Yeah, the boy in a tree is a dream about the main character's father and it's all very symbolic and whatever.
So, basically it's a contemporary YA novel about a girl named Taylor who was abandoned by her mother when she was eleven and has grown up at a boarding school. She's now a senior (or a "Year Twelve" or whatever they call them in Australia) and has just been put in charge of her house by a shadowy cabal of fellow students, which starts the book off with a lot of adolescent politics and power games leading to the annual "war" between the Jellicoe students, the Townies, and the Cadets in which Taylor is supposed to be leader and supreme commander of her Jellicoe kiddies. Mostly she spends the time whining, having asthma attacks, emoting about her tormented past and a mother who evidently suffered from all sorts of drug and mental health issues, and trying to uncover what happened to her father and some other people her parents knew. There's one teacher at the Jellicoe school named Hannah whom Taylor kind of sort of looks up to as a role model, and Hannah suddenly disappears, which ramps up Taylor's abandonment issues to eleventy, and since she's already a teenager and therefore living in a universe from which the gravity of her own self-importance allows no light to escape, she pretty much treats all her friends and the younger children at her school like shit, even though for some inexplicable reason they all look up to her.

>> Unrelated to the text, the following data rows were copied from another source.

lemma TK_stages_exist:
  fixes K :: "'k set" and V :: "'a set"
  assumes "infinite K" "kappa_connected K V E"
  obtains f Q where "\<And>i. TK_stage K V E f Q i"
proof -
  \<comment> \<open>The value r chosen at i packs the branch vertex f i with the paths Q i.\<close>
  define stage where "stage h i r \<longleftrightarrow> TK_stage K V E (fst \<circ> h(i := r)) (snd \<circ> h(i := r)) i"
    for h :: "'k \<Rightarrow> 'a \<times> ('k \<Rightarrow> 'a list)" and i r
  have "\<exists>h. \<forall>i. stage h i (h i)"
  proof (rule dependent_wf_choice)
    show "wf (card_of K - Id)"
      using card_of_well_order_on[of K] unfolding well_order_on_def by blast
  next
    fix h h' :: "'k \<Rightarrow> 'a \<times> ('k \<Rightarrow> 'a list)" and i r
    assume "\<And>j. (j, i) \<in> card_of K - Id \<Longrightarrow> h j = h' j"
    then show "stage h i r = stage h' i r"
      unfolding stage_def by (intro TK_stage_cong) (auto simp: underS_def)
  next
    fix i and h :: "'k \<Rightarrow> 'a \<times> ('k \<Rightarrow> 'a list)"
    assume "\<And>j. (j, i) \<in> card_of K - Id \<Longrightarrow> stage h j (h j)"
    then have "(fst \<circ> h) ` predecessors K i \<subseteq> V"
      unfolding stage_def TK_stage_def underS_def by auto
    then obtain v R where "TK_stage K V E ((fst \<circ> h)(i := v)) ((snd \<circ> h)(i := R)) i"
      using TK_stage_extend[OF assms] by blast
    then show "\<exists>r. stage h i r"
      unfolding stage_def by (intro exI[of _ "(v, R)"]) (simp add: fun_upd_comp)
  qed
  then obtain h where "\<And>i. stage h i (h i)"
    by blast
  then show thesis
    using that[of "fst \<circ> h" "snd \<circ> h"] unfolding stage_def by simp
qed

definition edge_path :: "'k set \<Rightarrow> ('k \<Rightarrow> 'k \<Rightarrow> 'a list) \<Rightarrow> 'k set \<Rightarrow> 'a list" where
  "edge_path K Q e = (SOME p. \<exists>i j. e = {i, j} \<and> j \<in> predecessors K i \<and> p = Q i j)"

lemma edge_path_eq: "j \<in> predecessors K i \<Longrightarrow> edge_path K Q {i, j} = Q i j"
  unfolding edge_path_def
proof (rule someI2)
  assume "j \<in> predecessors K i"
  then show "\<exists>i' j'. {i, j} = {i', j'} \<and> j' \<in> predecessors K i' \<and> Q i j = Q i' j'"
    by blast
next
  fix p assume "j \<in> predecessors K i" "\<exists>i' j'. {i, j} = {i', j'} \<and> j' \<in> predecessors K i' \<and> p = Q i' j'"
  then show "p = Q i j"
    using predecessors_asym[of j K i] underS_notIn by (auto simp: doubleton_eq_iff)
qed

context
  fixes K :: "'k set" and V :: "'a set" and E :: "'a set set"
    and f :: "'k \<Rightarrow> 'a" and Q :: "'k \<Rightarrow> 'k \<Rightarrow> 'a list"
  assumes stages: "\<And>i. i \<in> K \<Longrightarrow> TK_stage K V E f Q i"
begin

private lemma stage_path:
  assumes "i \<in> K" "j \<in> predecessors K i"
  shows "is_path V E (Q i j)" "hd (Q i j) = f i" "last (Q i j) = f j"
    and "interior (Q i j) \<inter> vertices_before K f Q i = {}"
  using stages[OF assms(1)] assms(2) unfolding TK_stage_def by auto

private lemma stage_vertex:
  assumes "i \<in> K"
  shows "f i \<in> V" "f i \<notin> vertices_before K f Q i"
  using stages[OF assms] unfolding TK_stage_def by auto

private lemma stage_disjoint:
  assumes "i \<in> K" "j \<in> predecessors K i" "k \<in> predecessors K i" "j \<noteq> k"
  shows "interior (Q i j) \<inter> interior (Q i k) = {}"
  using stages[OF assms(1)] assms(2-4) unfolding TK_stage_def by auto

private lemma vertices_before_memI:
  "j \<in> predecessors K i \<Longrightarrow> f j \<in> vertices_before K f Q i"
  "j \<in> predecessors K i \<Longrightarrow> k \<in> predecessors K j \<Longrightarrow> set (Q j k) \<subseteq> vertices_before K f Q i"
  unfolding vertices_before_def by auto

lemma TK_stages_path_avoids_branch_vertices:
  assumes "a \<in> K" "b \<in> predecessors K a"
  shows "interior (Q a b) \<inter> f ` K = {}"
proof -
  have "f k \<notin> interior (Q a b)" if k: "k \<in> K" for k
  proof -
    consider "k = a" | "k \<in> predecessors K a" | "a \<in> predecessors K k"
      using predecessors_total[OF k assms(1)] by blast
    then show ?thesis
    proof cases
      case 1
      have "distinct (Q a b)"
        using stage_path(1)[OF assms] unfolding is_path_def by blast
      then show ?thesis
        using interior_distinct[of "Q a b"] stage_path(2)[OF assms] 1 by simp
    next
      case 2
      then show ?thesis
        using stage_path(4)[OF assms] vertices_before_memI(1)[OF 2] by blast
    next
      case 3
      then show ?thesis
        using vertices_before_memI(2)[OF 3 assms(2)] stage_vertex(2)[OF k] interior_subset[of "Q a b"]
        by blast
    qed
  qed
  then show ?thesis
    by blast
qed

lemma TK_stages_interiors_disjoint:
  assumes "a \<in> K" "b \<in> predecessors K a" "a' \<in> K" "b' \<in> predecessors K a'" "{a, b} \<noteq> {a', b'}"
  shows "interior (Q a b) \<inter> interior (Q a' b') = {}"
proof -
  have earlier: "interior (Q a b) \<inter> interior (Q a' b') = {}"
    if "a \<in> predecessors K a'" "b \<in> predecessors K a" "a' \<in> K" "b' \<in> predecessors K a'" for a b a' b'
    using vertices_before_memI(2)[OF that(1,2)] stage_path(4)[OF that(3,4)] interior_subset[of "Q a b"]
    by blast
  consider "a = a'" | "a \<in> predecessors K a'" | "a' \<in> predecessors K a"
    using predecessors_total[OF assms(1,3)] by blast
  then show ?thesis
  proof cases
    case 1
    with assms(5) have "b \<noteq> b'"
      by blast
    then show ?thesis
      using stage_disjoint[OF assms(1,2)] assms(4) 1 by blast
  next
    case 2
    show ?thesis
      using earlier[OF 2 assms(2,3,4)] .
  next
    case 3
    show ?thesis
      using earlier[OF 3 assms(4,1,2)] by blast
  qed
qed

lemma contains_TK_if_TK_stages: "contains_TK K V E"
  unfolding contains_TK_def
proof (intro exI conjI ballI impI)
  show "inj_on f K"
  proof (rule inj_onI, rule ccontr)
    fix i j assume ij: "i \<in> K" "j \<in> K" "f i = f j" "i \<noteq> j"
    obtain a b where ab: "{i, j} = {a, b}" "a \<in> K" "b \<in> predecessors K a"
      using ij(1,2,4) by (rule predecessors_orient)
    have "f a \<noteq> f b"
      using stage_vertex(2)[OF ab(2)] vertices_before_memI(1)[OF ab(3)] by metis
    then show False
      using ab(1) ij(3) by (auto simp: doubleton_eq_iff)
  qed
  show "f ` K \<subseteq> V"
    using stage_vertex(1) by blast
next
  fix i j assume "i \<in> K" "j \<in> K" "i \<noteq> j"
  then obtain a b where ab: "{i, j} = {a, b}" "a \<in> K" "b \<in> predecessors K a"
    by (rule predecessors_orient)
  moreover have "{f i, f j} = {f a, f b}"
    using ab(1) by (auto simp: doubleton_eq_iff)
  ultimately show "is_path V E (edge_path K Q {i, j})"
    "{hd (edge_path K Q {i, j}), last (edge_path K Q {i, j})} = {f i, f j}"
    "interior (edge_path K Q {i, j}) \<inter> f ` K = {}"
    using edge_path_eq[OF ab(3), of Q] stage_path[OF ab(2,3)]
      TK_stages_path_avoids_branch_vertices[OF ab(2,3)] by auto
next
  fix i j i' j'
  assume "i \<in> K" "j \<in> K" "i' \<in> K" "j' \<in> K" "i \<noteq> j" "i' \<noteq> j'" and ne: "{i, j} \<noteq> {i', j'}"
  obtain a b where ab: "{i, j} = {a, b}" "a \<in> K" "b \<in> predecessors K a"
    using \<open>i \<in> K\<close> \<open>j \<in> K\<close> \<open>i \<noteq> j\<close> by (rule predecessors_orient)
  obtain a' b' where ab': "{i', j'} = {a', b'}" "a' \<in> K" "b' \<in> predecessors K a'"
    using \<open>i' \<in> K\<close> \<open>j' \<in> K\<close> \<open>i' \<noteq> j'\<close> by (rule predecessors_orient)
  show "interior (edge_path K Q {i, j}) \<inter> interior (edge_path K Q {i', j'}) = {}"
    using edge_path_eq[OF ab(3), of Q] edge_path_eq[OF ab'(3), of Q] ne ab(1) ab'(1)
      TK_stages_interiors_disjoint[OF ab(2,3) ab'(2,3)] by simp
qed

end

theorem mainTheorem6:
  fixes K :: "'k set" and V :: "'a set" and E :: "'a set set"
  assumes "infinite K"
    and "graph V E"
    and "kappa_connected K V E"
  shows "contains_TK K V E"
proof -
  obtain f Q where "\<And>i. TK_stage K V E f Q i"
    using TK_stages_exist[OF assms(1,3)] by blast
  then show ?thesis
    by (rule contains_TK_if_TK_stages)
qed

I didn't like Taylor much. Yeah, she's had some rough breaks. But at the point where she's screaming at eleven-year-olds who have had their own rough breaks, not that this would ever occur to her, I lose most of my sympathy for her.

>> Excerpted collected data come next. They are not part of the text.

lemma x_degree_attained:
  assumes "g \<noteq> 0"
  obtains i where "coeff g i \<noteq> 0" "degree (coeff g i) = x_degree g"
proof -
  have "x_degree g \<in> (\<lambda>i. degree (coeff g i)) ` {..degree g}"
    unfolding x_degree_def by (intro Max_in) auto
  then obtain i where i: "degree (coeff g i) = x_degree g" by auto
  show thesis
  proof (cases "coeff g i = 0")
    case True
    then have "degree (lead_coeff g) = x_degree g"
      using i degree_coeff_le_x_degree[of g "degree g"] by simp
    then show thesis using that[of "degree g"] assms by simp
  qed (use that i in auto)
qed

definition x_leading_part :: "'a::zero poly poly \<Rightarrow> 'a poly" where
  "x_leading_part g = map_poly (\<lambda>c. coeff c (x_degree g)) g"

lemma coeff_x_leading_part: "coeff (x_leading_part g) i = coeff (coeff g i) (x_degree g)"
  by (simp add: x_leading_part_def coeff_map_poly)

lemma coeff_x_leading_part_neq_0_iff:
  "coeff (x_leading_part g) i \<noteq> 0 \<longleftrightarrow> coeff g i \<noteq> 0 \<and> degree (coeff g i) = x_degree g"
proof
  assume nz: "coeff (x_leading_part g) i \<noteq> 0"
  then have "x_degree g \<le> degree (coeff g i)"
    unfolding coeff_x_leading_part by (rule le_degree)
  with nz show "coeff g i \<noteq> 0 \<and> degree (coeff g i) = x_degree g"
    using degree_coeff_le_x_degree[of g i] by (auto simp: coeff_x_leading_part)
qed (metis coeff_x_leading_part leading_coeff_0_iff)

lemma x_leading_part_eq_0_iff [simp]: "x_leading_part g = 0 \<longleftrightarrow> g = 0"
proof
  assume L: "x_leading_part g = 0"
  show "g = 0"
  proof (rule ccontr)
    assume "g \<noteq> 0"
    then obtain i where "coeff g i \<noteq> 0" "degree (coeff g i) = x_degree g"
      by (rule x_degree_attained)
    then show False using L coeff_x_leading_part_neq_0_iff[of g i] by simp
  qed
qed (simp add: x_leading_part_def)

lemma x_leading_part_1 [simp]: "x_leading_part (1 :: 'a::comm_semiring_1 poly poly) = 1"
proof -
  have "x_degree (1 :: 'a poly poly) \<le> 0"
  proof (rule x_degree_le)
    show "degree (coeff (1 :: 'a poly poly) i) \<le> 0" for i
      by (cases "i = 0") auto
  qed
  then show ?thesis
    by (intro poly_eqI) (simp add: coeff_x_leading_part coeff_1)
qed

lemma coeff_mult_at_degree_bounds:
  fixes p q :: "'a::comm_semiring_0 poly"
  assumes "degree p \<le> d" "degree q \<le> e"
  shows "coeff (p * q) (d + e) = coeff p d * coeff q e"
proof (cases "degree p = d \<and> degree q = e")
  case True
  then show ?thesis using coeff_mult_degree_sum[of p q] by simp
next
  case False
  then have "degree (p * q) < d + e" "coeff p d = 0 \<or> coeff q e = 0"
    using assms degree_mult_le[of p q] by (auto simp: coeff_eq_0)
  then show ?thesis by (auto simp: coeff_eq_0)
qed

lemma degree_coeff_mult_le:
  fixes g h :: "'a::comm_semiring_0 poly poly"
  assumes "\<And>i. degree (coeff g i) \<le> d" "\<And>i. degree (coeff h i) \<le> e"
  shows "degree (coeff (g * h) k) \<le> d + e"
  unfolding coeff_mult
proof (rule degree_sum_le)
  fix i
  show "degree (coeff g i * coeff h (k - i)) \<le> d + e"
    using degree_mult_le add_mono[OF assms(1) assms(2)] by (rule order.trans)
qed simp

lemma map_poly_coeff_mult:
  fixes g h :: "'a::comm_semiring_0 poly poly"
  assumes "\<And>i. degree (coeff g i) \<le> d" "\<And>i. degree (coeff h i) \<le> e"
  shows "map_poly (\<lambda>c. coeff c (d + e)) (g * h)
       = map_poly (\<lambda>c. coeff c d) g * map_poly (\<lambda>c. coeff c e) h"
  by (rule poly_eqI)
    (simp add: coeff_map_poly coeff_mult[of g h] coeff_mult[of "map_poly _ g"] coeff_sum
      coeff_mult_at_degree_bounds assms)

lemma x_degree_mult:
  fixes g h :: "'a::idom poly poly"
  assumes "g \<noteq> 0" "h \<noteq> 0"
  shows "x_degree (g * h) = x_degree g + x_degree h"
proof (rule antisym)
  show "x_degree (g * h) \<le> x_degree g + x_degree h"
    by (intro x_degree_le degree_coeff_mult_le degree_coeff_le_x_degree)
  have "map_poly (\<lambda>c. coeff c (x_degree g + x_degree h)) (g * h)
      = x_leading_part g * x_leading_part h"
    unfolding x_leading_part_def by (intro map_poly_coeff_mult degree_coeff_le_x_degree)
  also have "\<dots> \<noteq> 0" using assms by simp
  finally obtain k where "coeff (coeff (g * h) k) (x_degree g + x_degree h) \<noteq> 0"
    by (metis (no_types, lifting) coeff_map_poly leading_coeff_0_iff coeff_0)
  then show "x_degree g + x_degree h \<le> x_degree (g * h)"
    using le_degree order.trans degree_coeff_le_x_degree by blast
qed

The whole "territory war" premise, in which the students, the Townies, and the Cadets wage a mock war complete with rules and treaties and things, all passing under the radar of all the responsible adults, was just a pretext to keep throwing Taylor together with Jonah, the leader of the Cadets, the brooding, dangerous, but secretively sensitive boy with his own tormented past who just needs the healing power of poontang as much as Taylor needs the healing power of peen. At the point where he and Taylor have the inevitable sex, the writing is just short of turgid with lots of "inside" and "oneness" metaphors and as graphic as a "literary" Young Adult novel will allow, so it's mostly about Feelings! And breath! And also kind of painful (for Taylor). Like giving teen readers a little taste of the forbidden apple and trying to make it sound kind of cool and exciting but also a little bit scary and vague, which I suppose is exactly how most teenagers view sex before they've tried it.
I can see why teenagers, particular younger ones, would go breathless for this book, but I'm too jaded and also, I have to say, this is a very girly book. By which I mean, Taylor's breathless first-person POV running at a constant high pitch of intense emotionalism is obviously meant to resonate with Taylor's peer group, and all of her actions and concerns and preoccupations, she goes about dealing with in a very teen girl way, which is fine but so outside my mindset that I couldn't relate. This is not a book for me.

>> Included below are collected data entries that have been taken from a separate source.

(* Let $n\geq 2$. In any presentation of the ring $\mathrm{Mat}_n(\mathbb{Z})$ (as a unital associative ring) by generators and relations, i.e. any isomorphism $\mathrm{Mat}_n(\mathbb{Z})\cong\mathbb{Z}\langle S\rangle/I$ where $\mathbb{Z}\langle S\rangle$ is the free unital associative ring on a finite set $S$ and $I$ is the two-sided ideal generated by a set of relations, the number of relations is at least the number $|S|$ of generators.
   Context: All rings are associative with unit; presentations are in the category of unital associative rings. *)

theory Defs
  imports "HOL-Algebra.QuotRing" "Jordan_Normal_Form.Matrix"
begin

text \<open>The free unital associative ring Z<S> on a set S of generators:
  integer-valued functions on words (lists) of letters from S with finite
  support, added pointwise and multiplied by convolution along concatenation.\<close>

definition free_ring :: "'a set \<Rightarrow> ('a list \<Rightarrow> int) ring" where
  "free_ring S = \<lparr>carrier = {f. finite {w. f w \<noteq> 0} \<and> (\<forall>w. f w \<noteq> 0 \<longrightarrow> set w \<subseteq> S)},
     monoid.mult = (\<lambda>f g w. \<Sum>i\<le>length w. f (take i w) * g (drop i w)),
     monoid.one = (\<lambda>w. if w = [] then 1 else 0),
     ring.zero = (\<lambda>w. 0),
     ring.add = (\<lambda>f g w. f w + g w), \<dots> = ()\<rparr>"

definition Mat_Z :: "nat \<Rightarrow> int mat ring" where
  "Mat_Z n = ring_mat TYPE(int) n ()"

end

theory Submission
  imports Defs "HOL-Library.Numeral_Type"
begin

text \<open>Reduce modulo a finite ring \<open>F\<close> and count derivations. The matrix ring \<open>M = Mat\<^sub>n(F)\<close> is a
  bimodule over \<open>\<int>\<langle>S\<rangle>\<close> through \<open>\<int>\<langle>S\<rangle> \<rightarrow> Mat\<^sub>n(\<int>) \<rightarrow> Mat\<^sub>n(F)\<close>, and every family
  \<open>X \<in> M\<^sup>S\<close> extends to a derivation \<open>D\<^sub>X\<close> of \<open>\<int>\<langle>S\<rangle>\<close> into \<open>M\<close>, additively in \<open>X\<close>. If \<open>D\<^sub>X\<close>
  kills the relations it kills the ideal they generate, so it descends to a derivation
  \<open>Mat\<^sub>n(\<int>) \<rightarrow> Mat\<^sub>n(F)\<close>. Such derivations are inner, \<open>X\<^sub>s = [s, Y]\<close> with \<open>Y\<^sub>0\<^sub>0 = 0\<close>,
  so fewer than \<open>|M|\<close> families kill all relations. The fibres of the map sending \<open>X\<close> to the
  values \<open>D\<^sub>X r\<close> on the relations are translates of this kernel, whence \<open>|M|\<^bsup>|S|\<^esup> < |M|\<^bsup>|Rel| + 1\<^esup>\<close>.\<close>

lemma index_mult_mat_sum:
  assumes "A \<in> carrier_mat nr k" "B \<in> carrier_mat k nc" "i < nr" "j < nc"
  shows "(A * B) $$ (i, j) = (\<Sum>r<k. A $$ (i, r) * B $$ (r, j))"
  using assms by (simp add: scalar_prod_def atLeast0LessThan)

lemma smult_one_mat [simp]: "(1::'b::monoid_mult) \<cdot>\<^sub>m A = A"
  by (rule eq_matI) simp_all

lemma mat_add_right_cancel:
  fixes A B C :: "'b::ab_group_add mat"
  assumes "A \<in> carrier_mat nr nc" "B \<in> carrier_mat nr nc" "C \<in> carrier_mat nr nc" "A + C = B + C"
  shows "A = B"
proof (rule eq_matI)
  fix i j assume "i < dim_row B" "j < dim_col B"
  then have ij: "i < nr" "j < nc" using assms(2) by auto
  have "(A + C) $$ (i, j) = (B + C) $$ (i, j)" using assms(4) by simp
  then show "A $$ (i, j) = B $$ (i, j)" using assms(1-3) ij by simp
qed (use assms in simp_all)

lemma mat_diff_add_cancel:
  fixes A B :: "'b::ab_group_add mat"
  shows "A \<in> carrier_mat nr nc \<Longrightarrow> B \<in> carrier_mat nr nc \<Longrightarrow> A - B + B = A"
  by (rule eq_matI) simp_all

lemma finite_carrier_mat: "finite (carrier_mat nr nc :: 'b::finite mat set)"
proof (rule finite_subset)
  show "carrier_mat nr nc \<subseteq> (\<lambda>f. mat nr nc f) ` ({0..<nr} \<times> {0..<nc} \<rightarrow>\<^sub>E (UNIV :: 'b set))"
  proof
    fix A :: "'b mat" assume A: "A \<in> carrier_mat nr nc"
    then have "A = mat nr nc (restrict (\<lambda>ij. A $$ ij) ({0..<nr} \<times> {0..<nc}))"
      by (intro eq_matI) auto
    then show "A \<in> (\<lambda>f. mat nr nc f) ` ({0..<nr} \<times> {0..<nc} \<rightarrow>\<^sub>E UNIV)" by fastforce
  qed
qed (simp add: finite_PiE)

lemma card_le_card_image_mult:
  assumes "finite A" and "\<And>y. y \<in> f ` A \<Longrightarrow> card {x \<in> A. f x = y} \<le> k"
  shows "card A \<le> card (f ` A) * k"
proof -
  have "card A = card (\<Union>y\<in>f ` A. {x \<in> A. f x = y})" by (rule arg_cong[of _ _ card]) blast
  also have "\<dots> \<le> (\<Sum>y\<in>f ` A. card {x \<in> A. f x = y})" by (rule card_UN_le) (use assms in simp)
  also have "\<dots> \<le> (\<Sum>y\<in>f ` A. k)" by (rule sum_mono) (rule assms(2))
  finally show ?thesis by simp
qed

definition mat_unit :: "nat \<Rightarrow> nat \<Rightarrow> nat \<Rightarrow> 'b::{zero,one} mat" where
  "mat_unit n p q = mat n n (\<lambda>(i, j). if i = p \<and> j = q then 1 else 0)"

lemma mat_unit_carrier [simp]: "mat_unit n p q \<in> carrier_mat n n"
  and dim_mat_unit [simp]: "dim_row (mat_unit n p q) = n" "dim_col (mat_unit n p q) = n"
  by (simp_all add: mat_unit_def)

lemma map_mat_of_int_mat_unit [simp]:
  "map_mat of_int (mat_unit n p q) = (mat_unit n p q :: 'b::ring_1 mat)"
  by (rule eq_matI) (auto simp: mat_unit_def)

lemma index_mult_mat_unit:
  fixes A :: "'b::semiring_1 mat"
  assumes "A \<in> carrier_mat n n" "i < n" "j < n" "p < n"
  shows "(A * mat_unit n p q) $$ (i, j) = (if j = q then A $$ (i, p) else 0)"
proof -
  have "(A * mat_unit n p q) $$ (i, j) = (\<Sum>r<n. A $$ (i, r) * mat_unit n p q $$ (r, j))"
    using assms by (intro index_mult_mat_sum) auto
  also have "\<dots> = (\<Sum>r<n. if r = p then (if j = q then A $$ (i, r) else 0) else 0)"
    using assms by (intro sum.cong) (auto simp: mat_unit_def)
  finally show ?thesis using assms(4) by simp
qed

lemma index_mat_unit_mult:
  fixes A :: "'b::semiring_1 mat"
  assumes "A \<in> carrier_mat n n" "i < n" "j < n" "q < n"
  shows "(mat_unit n p q * A) $$ (i, j) = (if i = p then A $$ (q, j) else 0)"
proof -
  have "(mat_unit n p q * A) $$ (i, j) = (\<Sum>r<n. mat_unit n p q $$ (i, r) * A $$ (r, j))"
    using assms by (intro index_mult_mat_sum) auto
  also have "\<dots> = (\<Sum>r<n. if r = q then (if i = p then A $$ (r, j) else 0) else 0)"
    using assms by (intro sum.cong) (auto simp: mat_unit_def)
  finally show ?thesis using assms(4) by simp
qed

lemma mat_unit_mult_mult_mat_unit:
  fixes A :: "'b::semiring_1 mat"
  assumes A: "A \<in> carrier_mat n n" and "k < n" "p < n" "q < n" "l < n"
  shows "mat_unit n k p * (A * mat_unit n q l) = A $$ (p, q) \<cdot>\<^sub>m mat_unit n k l"
proof (rule eq_matI)
  fix i j assume "i < dim_row (A $$ (p, q) \<cdot>\<^sub>m mat_unit n k l :: 'b mat)"
    "j < dim_col (A $$ (p, q) \<cdot>\<^sub>m mat_unit n k l :: 'b mat)"
  then have ij: "i < n" "j < n" by simp_all
  have "A * mat_unit n q l \<in> carrier_mat n n" using A by simp
  then show "(mat_unit n k p * (A * mat_unit n q l)) $$ (i, j) = (A $$ (p, q) \<cdot>\<^sub>m mat_unit n k l) $$ (i, j)"
    using assms ij by (simp del: index_mult_mat(1) add: index_mat_unit_mult index_mult_mat_unit)
      (simp add: mat_unit_def)
qed simp_all

lemma mat_unit_mult_mat_unit:
  assumes "k < n" "p < n" "q < n" "l < n"
  shows "mat_unit n k p * mat_unit n q l = (if p = q then 1 else 0) \<cdot>\<^sub>m (mat_unit n k l :: 'b::semiring_1 mat)"
  using mat_unit_mult_mult_mat_unit[of "1\<^sub>m n" n k p q l] assms by simp

locale int_mat_derivation =
  fixes n :: nat and d :: "int mat \<Rightarrow> 'b::comm_ring_1 mat"
  assumes n_pos: "0 < n"
    and carrier: "\<And>m. m \<in> carrier_mat n n \<Longrightarrow> d m \<in> carrier_mat n n"
    and add: "\<And>m m'. m \<in> carrier_mat n n \<Longrightarrow> m' \<in> carrier_mat n n \<Longrightarrow> d (m + m') = d m + d m'"
    and leibniz: "\<And>m m'. m \<in> carrier_mat n n \<Longrightarrow> m' \<in> carrier_mat n n \<Longrightarrow>
      d (m * m') = d m * map_mat of_int m' + map_mat of_int m * d m'"
begin

lemma corner_mat_unit: "d (mat_unit n 0 0) $$ (0, 0) = 0"
proof -
  let ?E = "mat_unit n 0 0 :: int mat"
  have "?E * ?E = ?E" using mat_unit_mult_mat_unit[of 0 n 0 0 0] n_pos by simp
  then have "d ?E = d ?E * map_mat of_int ?E + map_mat of_int ?E * d ?E"
    using leibniz[of ?E ?E] by simp
  then have "d ?E $$ (0, 0) = (d ?E * map_mat of_int ?E + map_mat of_int ?E * d ?E) $$ (0, 0)"
    by simp
  also have "\<dots> = d ?E $$ (0, 0) + d ?E $$ (0, 0)"
    using carrier[of ?E] n_pos by (simp del: index_mult_mat(1) add: index_mult_mat_unit index_mat_unit_mult)
  finally show ?thesis by simp
qed

lemma corner_smult_mat_unit: "d (c \<cdot>\<^sub>m mat_unit n 0 0) $$ (0, 0) = 0"
proof -
  let ?f = "\<lambda>c. d (c \<cdot>\<^sub>m mat_unit n 0 0) $$ (0, 0)"
  have f_add: "?f (a + b) = ?f a + ?f b" for a b
    using add[of "a \<cdot>\<^sub>m mat_unit n 0 0" "b \<cdot>\<^sub>m mat_unit n 0 0"]
      carrier[of "a \<cdot>\<^sub>m mat_unit n 0 0"] carrier[of "b \<cdot>\<^sub>m mat_unit n 0 0"] n_pos
    by (simp add: add_smult_distrib_right_mat[of _ n n])
  show ?thesis
  proof (induction c rule: int_induct[where k = 0])
    case base
    from f_add[of 0 0] show ?case by simp
  next
    case (step1 c)
    with f_add[of c 1] corner_mat_unit show ?case by simp
  next
    case (step2 c)
    with f_add[of "c - 1" 1] corner_mat_unit show ?case by simp
  qed
qed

The writing was pretty good for a YA novel, and the story eventually becomes one of adults hiding secrets (surprise!) which are finally dragged into the light and Taylor and Griggs getting some closure on their hurtful pasts, and everyone essentially having a group hug at the end, though not without a bittersweet denouement. It is possible that, boy or not, I would have really liked this book when I was a teen myself. I'd still probably recommend this book for, you know, people who like this kind of book.